The most important thing is that you can dedicate a chunk of your day to work and then keep your work out of your relaxation time.
- Try the Pomodoro technique — social distance style
The Pomodoro1 technique consists of working for a period of time and then taking a break. It could be every 25-minutes you take a five minute break, or every 90-minutes you take a 10-minute break, etc, just work with what works for you.
For many, taking regular breaks to chat with your colleagues in the office, is a natural part of the work day, (and you are subconsciously following the Pomodoro technique) and so working from home can be hard when you’re sitting alone at a desk.
Thanks to the many video conferencing platforms—like Zoom, Teams or Facetime—you can still work with friends virtually!
Schedule times throughout the day for a quick chat or video conference with your colleagues, or if you are working on something as a team, why not arrange a 25-minute brain-storming session, and then go on a five minute (virtual) group walk around your neighbourhoods?

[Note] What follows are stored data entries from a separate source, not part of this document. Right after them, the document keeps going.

lemma nn_integral_neg_ln_power_mult_neg_ln_one_minus_power:
  "(\<integral>\<^sup>+x. ennreal ((- ln x) ^ m * (- ln (1 - x)) ^ Suc k / x) * indicator {0<..<1} x \<partial>lborel)
     = ennreal (fact m * fact (Suc k) * mzv ((m + 2) # replicate k 1))"
proof -
  define C where "C N = fact (Suc k) * ln_power_coeff (Suc k) (Suc N)" for N
  define h where "h N = ln_power_coeff (Suc k) N / real N ^ Suc m" for N
  have C_nonneg: "0 \<le> C N" for N
    by (simp add: C_def ln_power_coeff_nonneg)
  have h_nonneg: "0 \<le> h N" for N
    by (simp add: h_def ln_power_coeff_nonneg)
  have h_summable: "summable h"
    unfolding h_def by (rule summable_ln_power_coeff_div_power)
  have "(\<integral>\<^sup>+x. ennreal ((- ln x) ^ m * (- ln (1 - x)) ^ Suc k / x) * indicator {0<..<1} x \<partial>lborel)
      = (\<integral>\<^sup>+x. (\<Sum>N. ennreal (C N) * (ennreal ((- ln x) ^ m * x ^ N) * indicator {0<..<1} x)) \<partial>lborel)"
  proof (intro nn_integral_cong)
    fix x :: real
    have "ennreal ((- ln x) ^ m * (- ln (1 - x)) ^ Suc k / x)
            = (\<Sum>N. ennreal (C N) * ennreal ((- ln x) ^ m * x ^ N))" if "0 < x" "x < 1"
      using suminf_ennreal_eq[OF _ neg_ln_power_mult_neg_ln_one_minus_power_sums[OF that]] C_nonneg that
      by (simp add: C_def ennreal_mult ln_power_coeff_nonneg)
    then show "ennreal ((- ln x) ^ m * (- ln (1 - x)) ^ Suc k / x) * indicator {0<..<1} x
                 = (\<Sum>N. ennreal (C N) * (ennreal ((- ln x) ^ m * x ^ N) * indicator {0<..<1} x))"
      by (simp split: split_indicator)
  qed
  also have "\<dots> = (\<Sum>N. ennreal (C N) * ennreal (fact m / real (Suc N) ^ Suc m))"
    by (simp add: nn_integral_suminf nn_integral_cmult nn_integral_neg_ln_power_mult_power)
  also have "\<dots> = (\<Sum>N. ennreal (fact m * fact (Suc k) * h (Suc N)))"
    using C_nonneg by (simp add: C_def h_def ennreal_mult[symmetric] ac_simps del: fact_Suc of_nat_Suc)
  also have "\<dots> = ennreal (fact m * fact (Suc k) * (\<Sum>N. h (Suc N)))"
    using h_summable h_nonneg
    by (intro suminf_ennreal_eq sums_mult summable_sums) (simp_all add: summable_Suc_iff del: fact_Suc)
  also have "(\<Sum>N. h (Suc N)) = suminf h"
    using suminf_split_head[OF h_summable] by (simp add: h_def)
  also have "\<dots> = mzv ((m + 2) # replicate k 1)"
    by (simp only: mzv_eq_suminf h_def[abs_def])
  finally show ?thesis .
qed

section \<open>The integral over the triangle\<close>

definition triangle_slice :: "nat \<Rightarrow> real \<Rightarrow> real" where
  "triangle_slice n x = ((- ln x - ln (1 - x)) ^ Suc n - (- ln x) ^ Suc n) / (real (Suc n) * x)"

lemma has_integral_triangle_slice:
  assumes "0 < x" "x < 1"
  shows "((\<lambda>y. (- ln x - ln y) ^ n / (x * y)) has_integral triangle_slice n x) {1 - x..1}"
proof -
  define G where "G y = - ((- ln x - ln y) ^ Suc n / (real (Suc n) * x))" for y
  have "(G has_real_derivative (- ln x - ln y) ^ n / (x * y)) (at y)" if "0 < y" for y
  proof -
    have "((\<lambda>y. - ln x - ln y) has_real_derivative - (1 / y)) (at y)"
      using that by (auto intro!: derivative_eq_intros)
    from DERIV_power[OF this, of "Suc n"]
    have "(G has_real_derivative - (real (Suc n) * (- (1 / y) * (- ln x - ln y) ^ n) / (real (Suc n) * x))) (at y)"
      unfolding G_def by (intro DERIV_cdivide DERIV_minus) simp
    then show ?thesis
      by (rule DERIV_cong) (use assms that in \<open>simp add: field_simps del: of_nat_Suc\<close>)
  qed
  then have "((\<lambda>y. (- ln x - ln y) ^ n / (x * y)) has_integral G 1 - G (1 - x)) {1 - x..1}"
    using assms
    by (intro fundamental_theorem_of_calculus)
       (auto simp: has_real_derivative_iff_has_vector_derivative[symmetric] intro: has_field_derivative_at_within)
  moreover have "G 1 - G (1 - x) = triangle_slice n x"
    by (simp add: G_def triangle_slice_def diff_divide_distrib add_divide_distrib)
  ultimately show ?thesis
    by simp
qed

You’ll be motivated to stay focused with everyone while the timer is running, and you’ll get a chance to catch up with friends on your breaks.
- Schedule virtual get-togethers with friends
Social distancing can be the hardest part of this pandemic, especially people who enjoy the social aspect of getting together. But that doesn’t have to stop and you don’t have to say good-bye to your social life.
Why not schedule virtual get-togethers with your friends? Ideas like Friday night drinks, Netflix parties, virtual trivia nights or even group dinner parties, where you all decide on a theme and then compare how you’ve interpreted the theme.
Not only will it ensure that you keep in contact with your family and friends, but you can have fun, and it gives you something to look forward to.
- Prioritize your mental health
Taking care of your stress levels and anxieties at this time is vitally important. If you are feeling you’re not motivated, have a look and see what your blocks are.
To maintain on top of your mental health, make sure you incorporate a bit of exercise into each day, even just a walk around your block, or neighbourhood.
Take time to eat balanced meals and try not to work through lunch – step away from your desk and take a lunch break.
Maintain good sleep patterns, and don’t stay up until two in the morning. Do you normally go to bed at 10pm? Well, continue that, and ensure that you get at least eight hours of sleep a night.
Allow yourself time to enjoy TV and social media but set limits on how much news you are consuming. One suggestion is to set times when watch, read or listen to the news, i.e. 30-minutes in the morning as you’re getting ready and then again whilst you are cooking tea.
- Be okay with not being highly productive right now
You may find that some days you are highly motivated and get through more tasks than you had planned, but other days you have no focus at all. It’s okay, nothing is normal right now, and we all need to listen to ourselves.
Go through your list, and prioritise what ‘has’ to be done, and what can be moved to the next day. Don’t forget to talk to your supervisor or manager, or even your friends if it isn’t work related.
We all place expectation upon ourselves, but at the present moment, it’s okay to expect less from yourself right now.
By talking through how you are feeling, and setting yourself smaller goals, with some additional fresh-air breaks, you will find that your motivation will increase.
Staying motivated can be tricky, but you can help make it a bit easier for yourself by setting realistic tasks and taking time to care for yourself.
Though this pandemic can feel like it will be endless, it will eventually pass. Staying motivated can help refocus our attention away from these stressful changes and towards a more hopeful future.